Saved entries
(* Let $\mathfrak g$ be an admissible non-reductive Lie algebra with $\mathfrak z(\mathfrak g)\subseteq[\mathfrak g,\mathfrak g]$, and let $\mathfrak r$ be the radical of $\mathfrak g$. If $h\in\mathfrak g$ is an Euler element of $\mathfrak g$, then $[h,\mathfrak r]=\{0\}$.
   Context: A finite-dimensional real Lie algebra $\mathfrak g$ is admissible if it contains a pointed (no affine lines), generating (spanning), closed convex subset invariant under $\operatorname{Inn}(\mathfrak g)=\langle e^{\operatorname{ad}\mathfrak g}\rangle$. An Euler element of $\mathfrak g$ is an element $h$ such that $\operatorname{ad}h$ is diagonalizable with spectrum contained in $\{-1,0,1\}$. *)

theory Defs
  imports "HOL-Analysis.Analysis"
begin

definition lie_algebra :: "('a::euclidean_space \<Rightarrow> 'a \<Rightarrow> 'a) \<Rightarrow> bool" where
  "lie_algebra br \<longleftrightarrow> bilinear br \<and> (\<forall>x. br x x = 0) \<and>
     (\<forall>x y z. br x (br y z) + br y (br z x) + br z (br x y) = 0)"

definition exp_ad :: "('a::euclidean_space \<Rightarrow> 'a \<Rightarrow> 'a) \<Rightarrow> 'a \<Rightarrow> 'a \<Rightarrow> 'a" where
  "exp_ad br x v = (\<Sum>n. (1 / fact n) *\<^sub>R (((br x) ^^ n) v))"

inductive_set Inn :: "('a::euclidean_space \<Rightarrow> 'a \<Rightarrow> 'a) \<Rightarrow> ('a \<Rightarrow> 'a) set"
  for br where
  Inn_id: "id \<in> Inn br"
| Inn_gen: "g \<in> Inn br \<Longrightarrow> exp_ad br x \<circ> g \<in> Inn br"
| Inn_inv: "g \<in> Inn br \<Longrightarrow> inv (exp_ad br x) \<circ> g \<in> Inn br"

definition pointed :: "'a::real_vector set \<Rightarrow> bool" where
  "pointed C \<longleftrightarrow> \<not> (\<exists>x v. v \<noteq> 0 \<and> (\<forall>t::real. x + t *\<^sub>R v \<in> C))"

definition admissible :: "('a::euclidean_space \<Rightarrow> 'a \<Rightarrow> 'a) \<Rightarrow> bool" where
  "admissible br \<longleftrightarrow> (\<exists>C. pointed C \<and> span C = UNIV \<and> closed C \<and> convex C \<and>
      (\<forall>g\<in>Inn br. g ` C \<subseteq> C))"

definition lie_ideal :: "('a::euclidean_space \<Rightarrow> 'a \<Rightarrow> 'a) \<Rightarrow> 'a set \<Rightarrow> bool" where
  "lie_ideal br I \<longleftrightarrow> subspace I \<and> (\<forall>x y. y \<in> I \<longrightarrow> br x y \<in> I)"

fun derived_series :: "('a::euclidean_space \<Rightarrow> 'a \<Rightarrow> 'a) \<Rightarrow> 'a set \<Rightarrow> nat \<Rightarrow> 'a set" where
  "derived_series br I 0 = I"
| "derived_series br I (Suc n) =
     span {br a b | a b. a \<in> derived_series br I n \<and> b \<in> derived_series br I n}"

definition solvable :: "('a::euclidean_space \<Rightarrow> 'a \<Rightarrow> 'a) \<Rightarrow> 'a set \<Rightarrow> bool" where
  "solvable br I \<longleftrightarrow> (\<exists>n. derived_series br I n = {0})"

definition radical :: "('a::euclidean_space \<Rightarrow> 'a \<Rightarrow> 'a) \<Rightarrow> 'a set" where
  "radical br = \<Union> {I. lie_ideal br I \<and> solvable br I}"

definition center :: "('a::euclidean_space \<Rightarrow> 'a \<Rightarrow> 'a) \<Rightarrow> 'a set" where
  "center br = {z. \<forall>x. br z x = 0}"

definition derived_algebra :: "('a::euclidean_space \<Rightarrow> 'a \<Rightarrow> 'a) \<Rightarrow> 'a set" where
  "derived_algebra br = span {br x y | x y. True}"

definition reductive :: "('a::euclidean_space \<Rightarrow> 'a \<Rightarrow> 'a) \<Rightarrow> bool" where
  "reductive br \<longleftrightarrow> radical br = center br"

definition diagonalizable :: "('a::euclidean_space \<Rightarrow> 'a) \<Rightarrow> bool" where
  "diagonalizable f \<longleftrightarrow> span {v. \<exists>c::real. f v = c *\<^sub>R v} = UNIV"

definition spectrum_op :: "('a::euclidean_space \<Rightarrow> 'a) \<Rightarrow> real set" where
  "spectrum_op f = {c. \<exists>v. v \<noteq> 0 \<and> f v = c *\<^sub>R v}"

definition euler_element :: "('a::euclidean_space \<Rightarrow> 'a \<Rightarrow> 'a) \<Rightarrow> 'a \<Rightarrow> bool" where
  "euler_element br h \<longleftrightarrow> diagonalizable (br h) \<and> spectrum_op (br h) \<subseteq> {-1, 0, 1}"

end

theory Submission
  imports Defs
begin

text \<open>Let \<open>D\<close> be an ideal with \<open>[h,[D,D]] = 0\<close> and \<open>x \<in> D\<close> with \<open>[h,x] = x\<close>.
  Since \<open>ad h\<close> has eigenvalues in \<open>{-1,0,1}\<close>, the operator \<open>ad x\<close> raises \<open>ad h\<close>-eigenvalues
  by one, and eigenvalue 2 does not occur; together with \<open>[h,[x,D]] = 0\<close> this gives
  \<open>(ad x)\<^sup>2 = 0\<close>. Then \<open>exp(t ad x) c = c + t[x,c]\<close>, so a pointed invariant cone forces
  \<open>[x,C] = 0\<close>; as \<open>C\<close> spans, \<open>x\<close> is central, hence \<open>x = [h,x] = 0\<close>. The same holds for
  the eigenvalue \<open>-1\<close> (replace \<open>h\<close> by \<open>-h\<close>), so \<open>[h,D] = 0\<close>. Descending the derived series
  of a solvable ideal from \<open>{0}\<close> yields \<open>[h,r] = 0\<close> on the radical \<open>r\<close>.\<close>

lemma lie_algebra_linear_bracket: "lie_algebra br \<Longrightarrow> linear (br x)"
  unfolding lie_algebra_def bilinear_def by auto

## [Work item]
Which lines hold the word "solvable"? Copy each of them from the records.

## [Answer to this task]
definition solvable :: "('a::euclidean_space \<Rightarrow> 'a \<Rightarrow> 'a) \<Rightarrow> 'a set \<Rightarrow> bool" where
  "solvable br I \<longleftrightarrow> (\<exists>n. derived_series br I n = {0})"
  "radical br = \<Union> {I. lie_ideal br I \<and> solvable br I}"
  of a solvable ideal from \<open>{0}\<close> yields \<open>[h,r] = 0\<close> on the radical \<open>r\<close>.\<close>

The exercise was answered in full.